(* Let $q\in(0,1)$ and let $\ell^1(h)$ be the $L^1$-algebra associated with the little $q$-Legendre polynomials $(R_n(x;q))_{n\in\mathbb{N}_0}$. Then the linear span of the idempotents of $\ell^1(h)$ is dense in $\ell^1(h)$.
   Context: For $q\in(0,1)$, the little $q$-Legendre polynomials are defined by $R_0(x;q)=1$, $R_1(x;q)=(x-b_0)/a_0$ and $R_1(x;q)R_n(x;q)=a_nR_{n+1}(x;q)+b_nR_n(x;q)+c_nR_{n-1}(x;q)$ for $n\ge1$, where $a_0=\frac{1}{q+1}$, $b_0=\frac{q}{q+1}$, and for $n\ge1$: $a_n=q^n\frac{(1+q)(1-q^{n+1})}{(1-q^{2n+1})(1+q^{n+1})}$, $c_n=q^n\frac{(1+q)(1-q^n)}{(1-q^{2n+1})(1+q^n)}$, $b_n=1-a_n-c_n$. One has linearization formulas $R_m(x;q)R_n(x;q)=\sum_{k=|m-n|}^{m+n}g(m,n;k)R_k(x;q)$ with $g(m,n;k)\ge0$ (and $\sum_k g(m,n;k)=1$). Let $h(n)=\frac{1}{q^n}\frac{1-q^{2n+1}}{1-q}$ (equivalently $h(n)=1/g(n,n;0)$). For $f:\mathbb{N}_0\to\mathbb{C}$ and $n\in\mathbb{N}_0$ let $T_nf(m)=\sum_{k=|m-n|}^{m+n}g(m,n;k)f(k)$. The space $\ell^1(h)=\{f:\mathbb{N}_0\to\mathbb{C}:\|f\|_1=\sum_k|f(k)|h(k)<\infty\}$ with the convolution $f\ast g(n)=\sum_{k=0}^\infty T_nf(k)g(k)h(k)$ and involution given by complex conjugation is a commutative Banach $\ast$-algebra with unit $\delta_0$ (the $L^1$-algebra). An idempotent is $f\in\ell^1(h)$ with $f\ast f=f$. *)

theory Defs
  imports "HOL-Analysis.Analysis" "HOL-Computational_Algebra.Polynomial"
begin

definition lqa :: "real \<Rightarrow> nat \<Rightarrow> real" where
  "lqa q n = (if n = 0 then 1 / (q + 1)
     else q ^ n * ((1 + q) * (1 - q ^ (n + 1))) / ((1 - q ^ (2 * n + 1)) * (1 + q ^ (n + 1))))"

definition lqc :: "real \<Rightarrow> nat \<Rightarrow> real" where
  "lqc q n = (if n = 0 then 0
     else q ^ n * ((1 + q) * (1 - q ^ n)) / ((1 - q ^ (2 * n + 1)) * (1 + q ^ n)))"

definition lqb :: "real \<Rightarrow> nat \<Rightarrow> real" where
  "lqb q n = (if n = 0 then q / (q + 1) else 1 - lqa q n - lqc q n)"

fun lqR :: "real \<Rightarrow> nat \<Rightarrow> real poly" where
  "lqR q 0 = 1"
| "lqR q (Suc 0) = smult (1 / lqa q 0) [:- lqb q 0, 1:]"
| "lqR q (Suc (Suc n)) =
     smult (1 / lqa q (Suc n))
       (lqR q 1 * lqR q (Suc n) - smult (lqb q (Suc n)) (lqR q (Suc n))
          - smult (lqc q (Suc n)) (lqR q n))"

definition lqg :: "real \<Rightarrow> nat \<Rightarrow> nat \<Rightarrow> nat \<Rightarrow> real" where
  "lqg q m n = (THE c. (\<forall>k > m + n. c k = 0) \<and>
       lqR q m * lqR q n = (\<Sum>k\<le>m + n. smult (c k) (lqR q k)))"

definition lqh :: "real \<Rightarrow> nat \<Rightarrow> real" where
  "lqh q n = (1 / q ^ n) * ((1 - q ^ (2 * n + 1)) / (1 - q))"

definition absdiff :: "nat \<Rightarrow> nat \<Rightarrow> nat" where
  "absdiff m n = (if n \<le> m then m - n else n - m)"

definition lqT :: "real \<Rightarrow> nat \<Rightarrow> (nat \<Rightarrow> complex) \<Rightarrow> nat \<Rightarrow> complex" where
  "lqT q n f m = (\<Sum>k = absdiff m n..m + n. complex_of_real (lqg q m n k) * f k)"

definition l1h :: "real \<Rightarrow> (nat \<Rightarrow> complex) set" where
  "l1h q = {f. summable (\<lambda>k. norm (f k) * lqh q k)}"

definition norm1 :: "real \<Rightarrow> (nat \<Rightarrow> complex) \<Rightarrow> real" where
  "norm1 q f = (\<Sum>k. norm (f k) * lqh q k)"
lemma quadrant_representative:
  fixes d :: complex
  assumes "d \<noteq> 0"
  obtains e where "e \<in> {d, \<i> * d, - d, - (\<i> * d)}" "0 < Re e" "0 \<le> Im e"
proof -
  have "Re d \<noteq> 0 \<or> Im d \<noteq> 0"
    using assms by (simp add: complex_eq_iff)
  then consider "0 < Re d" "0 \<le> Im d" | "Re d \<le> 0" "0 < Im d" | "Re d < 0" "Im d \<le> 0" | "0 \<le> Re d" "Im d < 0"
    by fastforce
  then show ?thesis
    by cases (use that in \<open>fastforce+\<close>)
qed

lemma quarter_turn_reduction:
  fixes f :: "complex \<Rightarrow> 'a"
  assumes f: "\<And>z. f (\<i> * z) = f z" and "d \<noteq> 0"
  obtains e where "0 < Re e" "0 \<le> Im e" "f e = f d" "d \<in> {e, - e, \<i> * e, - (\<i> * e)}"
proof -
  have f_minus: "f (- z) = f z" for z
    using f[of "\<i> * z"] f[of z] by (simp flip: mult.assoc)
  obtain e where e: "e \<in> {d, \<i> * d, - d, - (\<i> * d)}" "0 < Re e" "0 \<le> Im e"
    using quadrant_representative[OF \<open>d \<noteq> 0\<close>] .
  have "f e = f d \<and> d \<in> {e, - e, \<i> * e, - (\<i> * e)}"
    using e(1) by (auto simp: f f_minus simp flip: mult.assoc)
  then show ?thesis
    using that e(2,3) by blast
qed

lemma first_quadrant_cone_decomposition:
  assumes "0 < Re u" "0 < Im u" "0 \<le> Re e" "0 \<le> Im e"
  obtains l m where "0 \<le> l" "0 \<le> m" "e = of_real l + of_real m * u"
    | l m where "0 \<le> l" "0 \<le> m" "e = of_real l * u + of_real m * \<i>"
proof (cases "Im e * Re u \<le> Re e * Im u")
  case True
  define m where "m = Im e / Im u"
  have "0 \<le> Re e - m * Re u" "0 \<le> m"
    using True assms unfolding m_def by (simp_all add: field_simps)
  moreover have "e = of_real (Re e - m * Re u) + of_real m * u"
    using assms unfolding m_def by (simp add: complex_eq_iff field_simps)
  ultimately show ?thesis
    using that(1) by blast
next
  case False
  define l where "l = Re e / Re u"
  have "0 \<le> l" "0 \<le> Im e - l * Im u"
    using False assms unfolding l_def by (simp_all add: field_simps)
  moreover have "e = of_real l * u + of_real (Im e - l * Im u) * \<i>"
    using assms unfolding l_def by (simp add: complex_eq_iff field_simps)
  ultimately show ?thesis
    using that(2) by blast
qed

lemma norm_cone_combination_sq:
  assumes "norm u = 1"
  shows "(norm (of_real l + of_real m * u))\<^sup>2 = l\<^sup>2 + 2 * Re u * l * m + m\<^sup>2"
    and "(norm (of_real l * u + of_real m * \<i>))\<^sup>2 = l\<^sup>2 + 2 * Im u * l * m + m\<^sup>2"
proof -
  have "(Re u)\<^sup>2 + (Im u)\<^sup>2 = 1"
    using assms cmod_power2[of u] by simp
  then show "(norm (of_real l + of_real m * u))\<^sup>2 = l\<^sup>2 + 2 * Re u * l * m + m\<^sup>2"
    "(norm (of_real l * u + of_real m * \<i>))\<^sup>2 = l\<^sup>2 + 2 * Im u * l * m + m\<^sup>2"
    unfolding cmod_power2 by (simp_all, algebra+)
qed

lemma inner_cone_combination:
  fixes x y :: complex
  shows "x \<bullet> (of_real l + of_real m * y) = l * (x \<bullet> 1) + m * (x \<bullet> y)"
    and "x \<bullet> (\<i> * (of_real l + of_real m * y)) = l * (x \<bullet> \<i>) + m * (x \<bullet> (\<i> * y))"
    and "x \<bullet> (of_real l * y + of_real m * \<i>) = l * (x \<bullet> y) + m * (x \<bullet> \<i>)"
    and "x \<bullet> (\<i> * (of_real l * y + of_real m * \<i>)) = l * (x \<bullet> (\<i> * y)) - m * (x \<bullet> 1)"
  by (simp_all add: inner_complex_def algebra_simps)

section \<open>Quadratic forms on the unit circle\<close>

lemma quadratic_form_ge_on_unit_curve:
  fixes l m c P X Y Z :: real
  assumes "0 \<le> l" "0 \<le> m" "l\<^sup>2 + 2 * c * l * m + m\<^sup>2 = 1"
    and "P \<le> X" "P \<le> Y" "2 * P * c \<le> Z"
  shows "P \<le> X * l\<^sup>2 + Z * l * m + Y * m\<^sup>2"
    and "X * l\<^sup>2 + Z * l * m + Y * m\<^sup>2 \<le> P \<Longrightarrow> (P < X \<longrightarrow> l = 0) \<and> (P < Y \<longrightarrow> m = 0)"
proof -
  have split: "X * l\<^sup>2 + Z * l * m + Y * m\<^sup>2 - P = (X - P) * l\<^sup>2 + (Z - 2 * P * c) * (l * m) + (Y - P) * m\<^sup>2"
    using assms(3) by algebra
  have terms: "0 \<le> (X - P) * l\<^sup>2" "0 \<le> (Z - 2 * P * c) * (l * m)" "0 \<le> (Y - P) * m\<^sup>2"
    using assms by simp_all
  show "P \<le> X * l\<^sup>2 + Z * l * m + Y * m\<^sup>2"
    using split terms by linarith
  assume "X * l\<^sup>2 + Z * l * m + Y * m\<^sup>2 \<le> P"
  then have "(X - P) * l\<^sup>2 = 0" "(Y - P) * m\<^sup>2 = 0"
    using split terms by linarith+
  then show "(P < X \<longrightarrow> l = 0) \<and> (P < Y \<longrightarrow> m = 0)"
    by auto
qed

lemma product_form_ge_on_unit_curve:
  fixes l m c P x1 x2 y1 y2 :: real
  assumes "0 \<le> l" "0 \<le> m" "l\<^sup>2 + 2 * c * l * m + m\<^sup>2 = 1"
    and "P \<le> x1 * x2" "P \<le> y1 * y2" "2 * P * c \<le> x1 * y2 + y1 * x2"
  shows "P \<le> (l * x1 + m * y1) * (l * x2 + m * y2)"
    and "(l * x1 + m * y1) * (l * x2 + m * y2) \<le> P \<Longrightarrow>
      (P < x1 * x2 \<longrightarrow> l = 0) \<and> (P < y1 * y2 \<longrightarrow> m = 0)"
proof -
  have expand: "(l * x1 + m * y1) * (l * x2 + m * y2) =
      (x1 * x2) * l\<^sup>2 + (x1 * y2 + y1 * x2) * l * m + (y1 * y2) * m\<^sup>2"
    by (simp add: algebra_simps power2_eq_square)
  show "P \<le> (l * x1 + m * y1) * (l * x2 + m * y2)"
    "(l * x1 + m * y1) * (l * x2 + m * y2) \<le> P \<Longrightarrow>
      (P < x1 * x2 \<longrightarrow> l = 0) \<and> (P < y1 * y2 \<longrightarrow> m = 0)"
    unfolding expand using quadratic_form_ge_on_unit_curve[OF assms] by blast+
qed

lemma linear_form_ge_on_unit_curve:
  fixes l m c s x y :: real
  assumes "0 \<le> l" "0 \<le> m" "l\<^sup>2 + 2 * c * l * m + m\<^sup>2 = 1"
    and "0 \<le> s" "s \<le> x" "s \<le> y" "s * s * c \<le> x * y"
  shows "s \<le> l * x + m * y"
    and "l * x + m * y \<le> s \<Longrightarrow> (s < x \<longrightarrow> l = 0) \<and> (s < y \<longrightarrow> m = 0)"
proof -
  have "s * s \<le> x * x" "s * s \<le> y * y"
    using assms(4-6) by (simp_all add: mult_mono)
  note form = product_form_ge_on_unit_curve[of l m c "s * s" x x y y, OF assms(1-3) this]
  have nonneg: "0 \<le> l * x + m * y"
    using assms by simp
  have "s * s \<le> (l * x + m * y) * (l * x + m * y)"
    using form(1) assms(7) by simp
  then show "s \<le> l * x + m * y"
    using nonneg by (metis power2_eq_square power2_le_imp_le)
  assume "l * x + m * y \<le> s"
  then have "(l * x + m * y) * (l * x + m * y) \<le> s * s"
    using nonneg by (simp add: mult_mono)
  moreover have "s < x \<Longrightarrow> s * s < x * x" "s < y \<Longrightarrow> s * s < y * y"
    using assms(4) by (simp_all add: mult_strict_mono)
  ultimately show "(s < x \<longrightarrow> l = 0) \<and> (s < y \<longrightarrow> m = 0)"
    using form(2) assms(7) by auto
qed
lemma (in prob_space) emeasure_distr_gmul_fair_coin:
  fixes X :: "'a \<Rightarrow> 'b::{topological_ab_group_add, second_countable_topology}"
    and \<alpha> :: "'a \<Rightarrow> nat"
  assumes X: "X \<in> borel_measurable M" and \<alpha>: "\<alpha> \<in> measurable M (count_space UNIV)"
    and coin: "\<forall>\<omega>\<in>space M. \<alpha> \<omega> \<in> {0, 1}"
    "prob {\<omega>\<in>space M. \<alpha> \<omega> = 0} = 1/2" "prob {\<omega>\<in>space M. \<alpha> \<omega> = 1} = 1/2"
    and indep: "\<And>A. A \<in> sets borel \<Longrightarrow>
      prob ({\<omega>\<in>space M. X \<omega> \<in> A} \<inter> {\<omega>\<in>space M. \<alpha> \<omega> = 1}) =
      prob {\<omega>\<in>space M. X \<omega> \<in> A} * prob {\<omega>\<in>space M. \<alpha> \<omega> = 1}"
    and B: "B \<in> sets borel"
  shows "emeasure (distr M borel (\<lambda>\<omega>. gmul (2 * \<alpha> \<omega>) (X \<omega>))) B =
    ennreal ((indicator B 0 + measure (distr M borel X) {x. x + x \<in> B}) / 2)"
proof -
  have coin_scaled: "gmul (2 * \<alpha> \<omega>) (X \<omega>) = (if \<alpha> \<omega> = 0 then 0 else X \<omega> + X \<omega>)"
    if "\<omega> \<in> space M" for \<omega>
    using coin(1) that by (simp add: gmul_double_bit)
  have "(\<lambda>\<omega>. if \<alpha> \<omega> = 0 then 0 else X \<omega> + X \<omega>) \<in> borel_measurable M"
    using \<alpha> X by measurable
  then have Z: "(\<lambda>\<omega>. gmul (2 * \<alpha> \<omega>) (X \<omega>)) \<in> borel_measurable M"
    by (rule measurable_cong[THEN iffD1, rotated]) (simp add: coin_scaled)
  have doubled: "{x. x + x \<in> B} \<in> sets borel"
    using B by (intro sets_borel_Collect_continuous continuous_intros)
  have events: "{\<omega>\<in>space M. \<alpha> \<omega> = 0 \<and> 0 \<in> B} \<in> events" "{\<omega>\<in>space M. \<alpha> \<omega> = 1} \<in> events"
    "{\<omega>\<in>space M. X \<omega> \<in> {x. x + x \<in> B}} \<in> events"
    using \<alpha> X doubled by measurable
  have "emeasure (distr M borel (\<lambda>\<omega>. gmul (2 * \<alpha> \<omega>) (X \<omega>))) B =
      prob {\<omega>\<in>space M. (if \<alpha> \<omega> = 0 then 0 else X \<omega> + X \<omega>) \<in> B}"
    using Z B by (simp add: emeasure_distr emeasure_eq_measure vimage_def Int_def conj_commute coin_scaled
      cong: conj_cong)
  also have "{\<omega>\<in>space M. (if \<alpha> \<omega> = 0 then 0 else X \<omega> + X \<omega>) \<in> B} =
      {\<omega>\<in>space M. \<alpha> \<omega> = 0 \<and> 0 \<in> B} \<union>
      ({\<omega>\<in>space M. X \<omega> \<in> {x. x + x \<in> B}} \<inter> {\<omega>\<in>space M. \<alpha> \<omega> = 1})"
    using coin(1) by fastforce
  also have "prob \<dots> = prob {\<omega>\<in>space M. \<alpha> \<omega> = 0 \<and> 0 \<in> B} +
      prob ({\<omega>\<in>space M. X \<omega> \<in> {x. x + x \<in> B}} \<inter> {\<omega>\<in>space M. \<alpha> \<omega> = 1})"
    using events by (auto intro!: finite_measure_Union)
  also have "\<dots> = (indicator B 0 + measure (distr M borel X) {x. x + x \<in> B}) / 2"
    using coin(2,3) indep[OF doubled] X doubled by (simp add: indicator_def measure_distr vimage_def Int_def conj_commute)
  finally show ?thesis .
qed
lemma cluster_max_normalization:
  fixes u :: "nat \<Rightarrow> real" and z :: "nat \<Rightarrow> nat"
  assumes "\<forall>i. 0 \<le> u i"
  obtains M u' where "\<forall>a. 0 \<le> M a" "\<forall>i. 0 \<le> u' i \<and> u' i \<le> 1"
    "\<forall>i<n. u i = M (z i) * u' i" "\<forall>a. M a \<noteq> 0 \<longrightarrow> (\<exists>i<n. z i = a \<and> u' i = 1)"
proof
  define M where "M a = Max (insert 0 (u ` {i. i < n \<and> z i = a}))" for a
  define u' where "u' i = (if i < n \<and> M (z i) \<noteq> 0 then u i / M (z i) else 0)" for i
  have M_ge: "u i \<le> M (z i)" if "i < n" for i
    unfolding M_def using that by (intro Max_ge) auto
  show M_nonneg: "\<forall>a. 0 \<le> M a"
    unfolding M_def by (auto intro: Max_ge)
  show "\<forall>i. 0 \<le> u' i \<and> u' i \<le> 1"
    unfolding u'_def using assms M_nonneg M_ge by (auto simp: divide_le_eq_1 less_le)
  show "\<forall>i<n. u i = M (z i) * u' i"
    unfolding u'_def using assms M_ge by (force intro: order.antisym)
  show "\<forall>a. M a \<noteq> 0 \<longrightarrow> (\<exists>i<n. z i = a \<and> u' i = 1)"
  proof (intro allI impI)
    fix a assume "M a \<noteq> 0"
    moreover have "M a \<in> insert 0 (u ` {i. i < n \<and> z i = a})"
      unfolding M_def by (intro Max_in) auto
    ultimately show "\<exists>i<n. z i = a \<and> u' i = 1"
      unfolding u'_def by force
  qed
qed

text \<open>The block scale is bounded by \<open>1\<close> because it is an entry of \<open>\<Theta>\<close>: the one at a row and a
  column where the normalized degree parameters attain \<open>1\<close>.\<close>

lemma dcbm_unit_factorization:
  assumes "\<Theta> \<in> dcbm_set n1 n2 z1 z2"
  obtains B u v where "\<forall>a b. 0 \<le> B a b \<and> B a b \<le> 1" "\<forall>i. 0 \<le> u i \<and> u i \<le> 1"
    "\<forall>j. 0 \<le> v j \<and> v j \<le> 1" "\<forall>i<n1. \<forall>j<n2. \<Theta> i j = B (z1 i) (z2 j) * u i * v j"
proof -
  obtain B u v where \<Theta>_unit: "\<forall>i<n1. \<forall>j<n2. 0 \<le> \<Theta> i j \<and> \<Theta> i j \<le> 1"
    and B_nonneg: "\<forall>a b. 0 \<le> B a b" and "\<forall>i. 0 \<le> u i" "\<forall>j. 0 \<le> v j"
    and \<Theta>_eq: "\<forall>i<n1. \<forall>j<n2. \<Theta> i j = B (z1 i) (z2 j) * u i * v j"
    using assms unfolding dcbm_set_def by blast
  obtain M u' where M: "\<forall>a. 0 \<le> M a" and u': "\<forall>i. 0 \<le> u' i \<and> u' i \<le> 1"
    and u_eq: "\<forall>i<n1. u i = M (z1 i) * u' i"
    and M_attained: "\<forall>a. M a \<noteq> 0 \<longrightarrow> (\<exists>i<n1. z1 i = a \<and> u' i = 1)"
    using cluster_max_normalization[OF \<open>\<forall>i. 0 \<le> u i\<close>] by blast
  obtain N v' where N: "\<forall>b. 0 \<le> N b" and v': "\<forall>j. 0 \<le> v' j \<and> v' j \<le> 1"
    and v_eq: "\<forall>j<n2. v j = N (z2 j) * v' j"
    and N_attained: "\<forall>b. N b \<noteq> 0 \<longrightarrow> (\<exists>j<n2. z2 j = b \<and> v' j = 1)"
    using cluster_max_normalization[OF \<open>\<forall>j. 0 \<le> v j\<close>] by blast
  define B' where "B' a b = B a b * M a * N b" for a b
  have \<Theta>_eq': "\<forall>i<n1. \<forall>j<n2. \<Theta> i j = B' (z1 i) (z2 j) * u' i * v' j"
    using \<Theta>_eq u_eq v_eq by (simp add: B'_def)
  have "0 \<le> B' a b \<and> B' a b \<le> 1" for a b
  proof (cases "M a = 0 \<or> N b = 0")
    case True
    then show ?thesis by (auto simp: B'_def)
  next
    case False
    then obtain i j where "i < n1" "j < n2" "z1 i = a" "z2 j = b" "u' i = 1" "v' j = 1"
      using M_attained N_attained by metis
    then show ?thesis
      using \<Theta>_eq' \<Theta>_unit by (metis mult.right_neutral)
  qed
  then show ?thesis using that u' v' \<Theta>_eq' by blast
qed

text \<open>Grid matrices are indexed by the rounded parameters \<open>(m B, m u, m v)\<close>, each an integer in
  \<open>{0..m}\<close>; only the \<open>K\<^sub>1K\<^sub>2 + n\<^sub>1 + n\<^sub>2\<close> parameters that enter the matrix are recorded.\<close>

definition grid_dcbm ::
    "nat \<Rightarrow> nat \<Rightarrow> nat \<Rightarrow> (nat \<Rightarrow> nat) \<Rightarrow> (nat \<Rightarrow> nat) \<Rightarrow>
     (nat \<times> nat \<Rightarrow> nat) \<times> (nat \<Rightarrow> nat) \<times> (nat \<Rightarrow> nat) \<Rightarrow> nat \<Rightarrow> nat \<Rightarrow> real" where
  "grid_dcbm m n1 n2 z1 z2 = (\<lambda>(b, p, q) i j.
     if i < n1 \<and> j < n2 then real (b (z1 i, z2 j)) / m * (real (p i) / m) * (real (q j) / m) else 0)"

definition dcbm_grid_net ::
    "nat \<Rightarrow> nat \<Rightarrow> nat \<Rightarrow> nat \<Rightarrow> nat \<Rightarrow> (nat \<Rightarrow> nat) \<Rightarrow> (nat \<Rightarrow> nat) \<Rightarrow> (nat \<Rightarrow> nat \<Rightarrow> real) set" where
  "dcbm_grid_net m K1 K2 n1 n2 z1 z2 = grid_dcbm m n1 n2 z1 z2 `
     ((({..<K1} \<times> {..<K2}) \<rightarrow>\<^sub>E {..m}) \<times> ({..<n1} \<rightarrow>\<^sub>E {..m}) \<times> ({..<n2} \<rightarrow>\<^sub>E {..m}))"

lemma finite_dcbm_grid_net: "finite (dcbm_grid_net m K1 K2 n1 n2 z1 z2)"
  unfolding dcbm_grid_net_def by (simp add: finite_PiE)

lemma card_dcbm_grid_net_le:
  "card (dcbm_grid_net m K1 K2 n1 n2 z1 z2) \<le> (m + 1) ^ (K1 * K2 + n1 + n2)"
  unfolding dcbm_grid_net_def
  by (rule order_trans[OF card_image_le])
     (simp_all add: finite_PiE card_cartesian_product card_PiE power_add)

-----

WHAT THE TASK REQUIRES: Give the number of lines in the data that contain "also", with no other words.

ANSWER TO THE PROBLEM: 3